Considering a binary classification problem with data $D = \{(x_i,y_i)\}_{i=1}^n$, $x_i \in \mathbb{R}^d$ and $y_i \in \{0,1\}$. Given the following definitions:
$f(x) = x^T \beta$
$p(x) = \sigma(f(x))$ with $\sigma(z) = 1/(1 + e^{-z})$
$L(\beta) = \sum_{i=1}^n \Bigl[ y_i \log p(x_i) + (1 - y_i) \log [1 - p(x_i)] \Bigr]$
where $\beta \in \mathbb{R}^d$ is a vector. $p(x)$ is a short-hand for $p(y = 1\ |\ x)$.
The task is to compute the derivative $\frac{\partial}{\partial \beta} L(\beta)$. A tip is to use the fact, that $\frac{\partial}{\partial z} \sigma(z) = \sigma(z) (1 - \sigma(z))$.

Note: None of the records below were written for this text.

lemma card_window_boundaries:
  assumes "1 \<le> i" "i < int n"
  shows "card {r::int. i + 1 \<le> r * int n \<and> r * int n < i + int k * int n} = k"
proof -
  have lower: "i + 1 \<le> r * int n \<longleftrightarrow> 1 \<le> r" for r
  proof
    assume "i + 1 \<le> r * int n"
    then have "0 < r * int n"
      using assms(1) by linarith
    then show "1 \<le> r"
      by (simp add: zero_less_mult_iff)
  next
    assume "1 \<le> r"
    then have "int n \<le> r * int n"
      using mult_right_mono[of 1 r "int n"] by simp
    then show "i + 1 \<le> r * int n"
      using assms(2) by linarith
  qed
  have upper: "r * int n < i + int k * int n \<longleftrightarrow> r \<le> int k" for r
  proof
    assume "r * int n < i + int k * int n"
    then have "r * int n < (int k + 1) * int n"
      using assms(2) by (simp add: algebra_simps)
    then show "r \<le> int k"
      by (simp add: mult_less_cancel_right)
  next
    assume "r \<le> int k"
    then have "r * int n \<le> int k * int n"
      by (simp add: mult_right_mono)
    then show "r * int n < i + int k * int n"
      using assms(1) by linarith
  qed
  have "{r::int. i + 1 \<le> r * int n \<and> r * int n < i + int k * int n} = {1..int k}"
    using lower upper by auto
  then show ?thesis by simp
qed

theorem mainTheorem6:
  fixes n :: nat and w :: "int \<Rightarrow> int" and i :: int
  assumes "n \<ge> 2" and "w \<in> Scirc n" and "1 \<le> i" and "i \<le> int n - 1"
  shows "int (t_coord n w i) =
    int (card {r::int. i + 1 \<le> r * int n \<and> r * int n < i + int (jmax n w i) * int n})"
proof -
  have i: "i < int n"
    using assms(4) by simp
  have "\<not> int n dvd w (i + 1) - w i"
    using Scirc_step_mod_nonzero[OF assms(1,2)] by (simp add: dvd_eq_mod_eq_0)
  then have "jmax n w i = t_coord n w i"
    using jmax_eq_step_div[OF _ ScircD(2)[OF assms(2)]] t_coord_eq_step_div[OF assms(1-3) i] assms(1)
    by simp
  then show ?thesis
    using card_window_boundaries[OF assms(3) i] by simp
qed

end
(* Let $\ell$ be a prime, $V$ a finite-dimensional $\mathbf{Q}_\ell$-vector space, $k$ an integer with $0<k<\dim(V)$, and $g \in \mathrm{GL}(V)$. Then $\wedge^k(g)$ is unipotent if and only if there exists a $k$-th root of unity $\gamma \in \mathbf{Z}_\ell$ such that $\gamma g$ is unipotent.
   Context: $\wedge^k(g)$ denotes the induced automorphism of the $k$-th exterior power $\wedge^k(V)$. *)

theory Defs
  imports "Jordan_Normal_Form.Determinant" "Jordan_Normal_Form.DL_Submatrix"
          "HOL-Computational_Algebra.Primes"
begin

definition padic_abs_int :: "nat \<Rightarrow> int \<Rightarrow> real" where
  "padic_abs_int l m = (if m = 0 then 0 else inverse (real l ^ multiplicity (int l) m))"

text \<open>nv is an absolute value making the field 'a (of characteristic 0) a copy of Q_l:
  it is non-archimedean, restricts to the l-adic absolute value on the integers (hence on Q),
  the field is complete for it, and Q is dense.  This characterises Q_l up to a unique
  isometric isomorphism.\<close>
definition is_Ql_absval :: "nat \<Rightarrow> ('a::field_char_0 \<Rightarrow> real) \<Rightarrow> bool" where
  "is_Ql_absval l nv \<longleftrightarrow>
     (\<forall>x. nv x \<ge> 0) \<and> (\<forall>x. nv x = 0 \<longleftrightarrow> x = 0) \<and>
     (\<forall>x y. nv (x * y) = nv x * nv y) \<and>
     (\<forall>x y. nv (x + y) \<le> max (nv x) (nv y)) \<and>
     (\<forall>m::int. nv (of_int m) = padic_abs_int l m) \<and>
     (\<forall>X::nat \<Rightarrow> 'a. (\<forall>e>0. \<exists>N. \<forall>m\<ge>N. \<forall>n\<ge>N. nv (X m - X n) < e) \<longrightarrow>
          (\<exists>L. \<forall>e>0. \<exists>N. \<forall>n\<ge>N. nv (X n - L) < e)) \<and>
     (\<forall>x. \<forall>e>0. \<exists>q::rat. nv (x - of_rat q) < e)"

definition unipotent_mat :: "'a::comm_ring_1 mat \<Rightarrow> bool" where
  "unipotent_mat A \<longleftrightarrow> (\<exists>N. (A - 1\<^sub>m (dim_row A)) ^\<^sub>m N = 0\<^sub>m (dim_row A) (dim_row A))"

definition ksubsets :: "nat \<Rightarrow> nat \<Rightarrow> nat set set" where
  "ksubsets n k = {I. I \<subseteq> {0..<n} \<and> card I = k}"

text \<open>The k-th exterior power of (the map given by) the n x n matrix A, acting on coordinate
  vectors w.r.t. the basis e_J (J a k-subset of {0..<n}) of the k-th exterior power:
  e_J is sent to the sum over I of minor(I,J) e_I (the k-th compound matrix).
  Coordinate vectors are functions nat set => 'a vanishing outside the k-subsets.\<close>
definition ext_pow :: "nat \<Rightarrow> 'a::comm_ring_1 mat \<Rightarrow> (nat set \<Rightarrow> 'a) \<Rightarrow> (nat set \<Rightarrow> 'a)" where
  "ext_pow k A c = (\<lambda>I. if I \<in> ksubsets (dim_row A) k
      then (\<Sum>J\<in>ksubsets (dim_row A) k. det (submatrix A I J) * c J) else 0)"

So here is my approach so far:
\begin{align*} L(\beta) & = \sum_{i=1}^n \Bigl[ y_i \log p(x_i) + (1 - y_i) \log [1 - p(x_i)] \Bigr]\\ \frac{\partial}{\partial \beta} L(\beta) & = \sum_{i=1}^n \Bigl[ \Bigl( \frac{\partial}{\partial \beta} y_i \log p(x_i) \Bigr) + \Bigl( \frac{\partial}{\partial \beta} (1 - y_i) \log [1 - p(x_i)] \Bigr) \Bigr]\\ \end{align*}
\begin{align*} \frac{\partial}{\partial \beta} y_i \log p(x_i) &= (\frac{\partial}{\partial \beta} y_i) \cdot \log p(x_i) + y_i \cdot (\frac{\partial}{\partial \beta} p(x_i))\\ &= 0 \cdot \log p(x_i) + y_i \cdot (\frac{\partial}{\partial \beta} p(x_i))\\ &= y_i \cdot (p(x_i) \cdot (1 - p(x_i))) \end{align*}
\begin{align*} \frac{\partial}{\partial \beta} (1 - y_i) \log [1 - p(x_i)] &= (1 - y_i) \cdot (\frac{\partial}{\partial \beta} \log [1 - p(x_i)])\\ & = (1 - y_i) \cdot \frac{1}{1 - p(x_i)} \cdot p(x_i) \cdot (1 - p(x_i))\\ & = (1 - y_i) \cdot p(x_i) \end{align*}
$\frac{\partial}{\partial \beta} L(\beta) = \sum_{i=1}^n \Bigl[ y_i \cdot (p(x_i) \cdot (1 - p(x_i))) + (1 - y_i) \cdot p(x_i) \Bigr]$
So basically I used the product and chain rule to compute the derivative. I am afraid, that my solution is wrong, because in Hasties The Elements of Statistical Learning on page 120 it says the gradient is:
$\sum_{i = 1}^N x_i(y_i - p(x_i;\beta))$
I don't know what could have possibly gone wrong, any advices on this?